This article is written by Templafy’s Brand and Communications manager Lucy Mehrtens who successfully planned and implemented Templafy’s new visual identity and brand guidelines. Lucy explains a few key things that helped along the way.
See Lucy’s LinkedIn profile here.
Steps of Brand Identity Update
Rebranding any element of a company’s visual identity is exciting, stressful, frustrating, insightful and fun all at once. Templafy had its own brand identity update just last year, so we’re speaking from experience.
In 2017 Templafy underwent a brand refresh. The key initiatives were
1) to actually show our product in action and
2) to communicate our products and company to an enterprise audience
Once you’ve decided rethinking your brand identity is the right decision for your business, it’s easy for all your time and energy to go into the development process of your brand refresh, and for things to get more frantic as you race towards the launch.
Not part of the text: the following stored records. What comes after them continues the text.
lemma act_comp_in_S1: "\<omega> \<in> space \<Omega> \<Longrightarrow> x \<in> S1 \<Longrightarrow> act_comp a \<omega> n x \<in> S1"
  by (induction n arbitrary: x) (auto simp: action_in_S1 space_PiM PiE_iff)

lemma measurable_act_comp: "(\<lambda>(\<omega>, x). act_comp a \<omega> n x) \<in> measurable (\<Omega> \<Otimes>\<^sub>M S1M) S1M"
proof (induction n)
  case 0
  then show ?case by (simp add: id_def)
next
  case (Suc n)
  have "(\<lambda>z. a (fst z n) (snd z)) \<in> measurable (\<Omega> \<Otimes>\<^sub>M S1M) S1M"
    by (rule measurable_compose[OF _ measurable_action, where f="\<lambda>z. (fst z n, snd z)", simplified])
      measurable
  then have "(\<lambda>z. (fst z, a (fst z n) (snd z))) \<in> measurable (\<Omega> \<Otimes>\<^sub>M S1M) (\<Omega> \<Otimes>\<^sub>M S1M)"
    by measurable
  from measurable_compose[OF this Suc] show ?case
    by (simp add: split_beta')
qed

lemma vimage_act_comp_case_nat:
  assumes "\<omega> \<in> space \<Omega>"
  shows "act_comp a (case_nat s \<omega>) (Suc n) -` B \<inter> S1 = act_comp a \<omega> n -` (a s -` B \<inter> S1) \<inter> S1"
  using act_comp_in_S1[OF assms]
  by (auto simp: act_comp_Suc_shift comp_def simp del: act_comp.simps)

context
  fixes \<mu> :: "complex measure"
  assumes prob_\<mu>: "prob_space \<mu>" and sets_\<mu>: "sets \<mu> = sets S1M"
    and stationary_\<mu>: "act_stationary a nu \<mu>"
begin

interpretation \<mu>: prob_space \<mu> by (rule prob_\<mu>)

lemma space_\<mu>: "space \<mu> = S1"
  using sets_eq_imp_space_eq[OF sets_\<mu>] by simp

lemma measurable_act_comp_\<mu>: "(\<lambda>(\<omega>, y). act_comp a \<omega> n y) \<in> measurable (\<Omega> \<Otimes>\<^sub>M \<mu>) S1M"
  using measurable_act_comp[of n]
  by (simp add: measurable_cong_sets[OF sets_pair_measure_cong[OF refl sets_\<mu>] refl])

lemma Pair_vimage_act_comp:
  "\<omega> \<in> space \<Omega> \<Longrightarrow> Pair \<omega> -` ((\<lambda>(\<omega>, y). act_comp a \<omega> n y) -` B \<inter> space (\<Omega> \<Otimes>\<^sub>M \<mu>))
     = act_comp a \<omega> n -` B \<inter> S1"
  by (auto simp: space_pair_measure space_\<mu>)

lemma emeasure_stationary_vimage:
  "B \<in> sets S1M \<Longrightarrow> emeasure \<mu> B = (\<integral>\<^sup>+s. emeasure \<mu> (a s -` B \<inter> S1) \<partial>nu)"
  using stationary_\<mu> measurable_action_at
  by (auto simp: act_stationary_def emeasure_distr space_\<mu> measurable_cong_sets[OF sets_\<mu> refl]
      intro!: nn_integral_cong)

lemma emeasure_stationary_act_comp:
  assumes "B \<in> sets S1M"
  shows "emeasure \<mu> B = (\<integral>\<^sup>+\<omega>. emeasure \<mu> (act_comp a \<omega> n -` B \<inter> S1) \<partial>\<Omega>)"
  using assms
proof (induction n arbitrary: B)
  case 0
  then show ?case
    using sets.sets_into_space[OF "0"] by (simp add: Int_absorb2 paths.emeasure_space_1)
next
  case (Suc n)
  have "(\<lambda>\<omega>. emeasure \<mu> (act_comp a \<omega> (Suc n) -` B \<inter> S1)) \<in> borel_measurable \<Omega>"
    using \<mu>.measurable_emeasure_Pair[OF measurable_sets[OF measurable_act_comp_\<mu> Suc.prems]]
    by (rule measurable_cong[THEN iffD1, rotated]) (simp only: Pair_vimage_act_comp)
  then have "(\<integral>\<^sup>+\<omega>. emeasure \<mu> (act_comp a \<omega> (Suc n) -` B \<inter> S1) \<partial>\<Omega>)
      = (\<integral>\<^sup>+s. \<integral>\<^sup>+\<omega>. emeasure \<mu> (act_comp a (case_nat s \<omega>) (Suc n) -` B \<inter> S1) \<partial>\<Omega> \<partial>nu)"
    by (rule paths.nn_integral_PiM_case_nat)
  also have "\<dots> = (\<integral>\<^sup>+s. \<integral>\<^sup>+\<omega>. emeasure \<mu> (act_comp a \<omega> n -` (a s -` B \<inter> S1) \<inter> S1) \<partial>\<Omega> \<partial>nu)"
    by (intro nn_integral_cong) (simp add: vimage_act_comp_case_nat del: act_comp.simps)
  also have "\<dots> = (\<integral>\<^sup>+s. emeasure \<mu> (a s -` B \<inter> S1) \<partial>nu)"
    using measurable_sets[OF measurable_action_at Suc.prems]
    by (intro nn_integral_cong Suc.IH[symmetric]) simp
  also have "\<dots> = emeasure \<mu> B"
    by (rule emeasure_stationary_vimage[OF Suc.prems, symmetric])
  finally show ?case ..
qed

lemma distr_act_comp_stationary: "distr (\<Omega> \<Otimes>\<^sub>M \<mu>) S1M (\<lambda>(\<omega>, y). act_comp a \<omega> n y) = \<mu>"
proof (rule measure_eqI)
  fix B assume "B \<in> sets (distr (\<Omega> \<Otimes>\<^sub>M \<mu>) S1M (\<lambda>(\<omega>, y). act_comp a \<omega> n y))"
  then have B: "B \<in> sets S1M" by simp
  have "emeasure (distr (\<Omega> \<Otimes>\<^sub>M \<mu>) S1M (\<lambda>(\<omega>, y). act_comp a \<omega> n y)) B
      = emeasure (\<Omega> \<Otimes>\<^sub>M \<mu>) ((\<lambda>(\<omega>, y). act_comp a \<omega> n y) -` B \<inter> space (\<Omega> \<Otimes>\<^sub>M \<mu>))"
    by (rule emeasure_distr[OF measurable_act_comp_\<mu> B])
  also have "\<dots> = (\<integral>\<^sup>+\<omega>. emeasure \<mu> (act_comp a \<omega> n -` B \<inter> S1) \<partial>\<Omega>)"
    unfolding \<mu>.emeasure_pair_measure_alt[OF measurable_sets[OF measurable_act_comp_\<mu> B]]
    by (rule nn_integral_cong) (simp only: Pair_vimage_act_comp)
  also have "\<dots> = emeasure \<mu> B"
    by (rule emeasure_stationary_act_comp[OF B, symmetric])
  finally show "emeasure (distr (\<Omega> \<Otimes>\<^sub>M \<mu>) S1M (\<lambda>(\<omega>, y). act_comp a \<omega> n y)) B = emeasure \<mu> B" .
qed (simp add: sets_\<mu>)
In that sort of environment, it’s natural to forget things or get caught up in other matters – even when you have a great internal and external team behind you like we did. It’s also easy to start viewing the launch as the logical endpoint of the project. However, it’s not we’re afraid. A milestone moment for sure, but for any brand identity update this is the next step in your brand’s journey, rather than a final frontier.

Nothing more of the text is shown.